Task prompt:
Everything from the line containing "using sym_mat_inner_commute[OF sym, of" through the final line of the entries below should be repeated exactly, and nothing else.

Task input:
lemma mult_le_square_mult_imp_eq_0:
  fixes q C :: real
  assumes "\<And>t. t * q \<le> t^2 * C"
  shows "q = 0"
proof -
  define d where "d = \<bar>C\<bar> + 1"
  have d: "d > 0" by (simp add: d_def)
  have "q^2 / d \<le> q^2 * C / d^2"
    using assms[of "q / d"] by (simp add: power2_eq_square power_divide)
  then have "q^2 * d \<le> q^2 * C"
    using d by (simp add: field_simps power2_eq_square)
  also have "\<dots> \<le> q^2 * \<bar>C\<bar>" by (simp add: mult_left_mono)
  finally have "q^2 \<le> 0" by (simp add: d_def algebra_simps)
  then show ?thesis by simp
qed

text \<open>Moving the maximiser \<open>u\<close> along the residual \<open>w = A u - (u \<bullet> A u) u\<close> would raise the
  quotient to first order by \<open>2 t \<parallel>w\<parallel>\<^sup>2\<close>, so \<open>w = 0\<close>.\<close>
lemma sym_mat_rayleigh_max_eigenvector:
  fixes A :: "real^'n^'n"
  assumes sym: "sym_mat A" and V: "subspace V" and inv: "\<And>x. x \<in> V \<Longrightarrow> A *v x \<in> V"
    and u: "u \<in> V" "u \<bullet> u = 1"
    and max: "\<And>y. y \<in> V \<Longrightarrow> y \<bullet> (A *v y) \<le> (u \<bullet> (A *v u)) * (y \<bullet> y)"
  shows "A *v u = (u \<bullet> (A *v u)) *\<^sub>R u"
proof -
  define M where "M = u \<bullet> (A *v u)"
  define w where "w = A *v u - M *\<^sub>R u"
  have wV: "w \<in> V" unfolding w_def using inv u V by (simp add: subspace_diff subspace_scale)
  have uw: "u \<bullet> w = 0" unfolding w_def M_def using u by (simp add: inner_diff_right)
  have wAu: "w \<bullet> (A *v u) = w \<bullet> w"
    using uw by (simp add: w_def inner_diff_left inner_diff_right inner_commute)
  have uAw: "u \<bullet> (A *v w) = w \<bullet> w"
    using sym_mat_inner_commute[OF sym, of u w] wAu by (simp add: inner_commute)
  have "t * (2 * (w \<bullet> w)) \<le> t^2 * (M * (w \<bullet> w) - w \<bullet> (A *v w))" for t
  proof -
    have "u + t *\<^sub>R w \<in> V" using u wV V by (simp add: subspace_add subspace_scale)
    from max[OF this] have
      "M + 2 * t * (w \<bullet> w) + t^2 * (w \<bullet> (A *v w)) \<le> M * (1 + t^2 * (w \<bullet> w))"
      using u uw uAw wAu
      by (simp add: M_def matrix_vector_right_distrib matrix_vector_mult_scaleR inner_add_left
          inner_add_right inner_commute power2_eq_square algebra_simps)
    then show ?thesis by (simp add: algebra_simps)
  qed
  then have "2 * (w \<bullet> w) = 0" by (rule mult_le_square_mult_imp_eq_0)
  then have "w = 0" by simp
  then show ?thesis unfolding w_def M_def by simp
qed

Result below:
    using sym_mat_inner_commute[OF sym, of u w] wAu by (simp add: inner_commute)
  have "t * (2 * (w \<bullet> w)) \<le> t^2 * (M * (w \<bullet> w) - w \<bullet> (A *v w))" for t
  proof -
    have "u + t *\<^sub>R w \<in> V" using u wV V by (simp add: subspace_add subspace_scale)
    from max[OF this] have
      "M + 2 * t * (w \<bullet> w) + t^2 * (w \<bullet> (A *v w)) \<le> M * (1 + t^2 * (w \<bullet> w))"
      using u uw uAw wAu
      by (simp add: M_def matrix_vector_right_distrib matrix_vector_mult_scaleR inner_add_left
          inner_add_right inner_commute power2_eq_square algebra_simps)
    then show ?thesis by (simp add: algebra_simps)
  qed
  then have "2 * (w \<bullet> w) = 0" by (rule mult_le_square_mult_imp_eq_0)
  then have "w = 0" by simp
  then show ?thesis unfolding w_def M_def by simp
qed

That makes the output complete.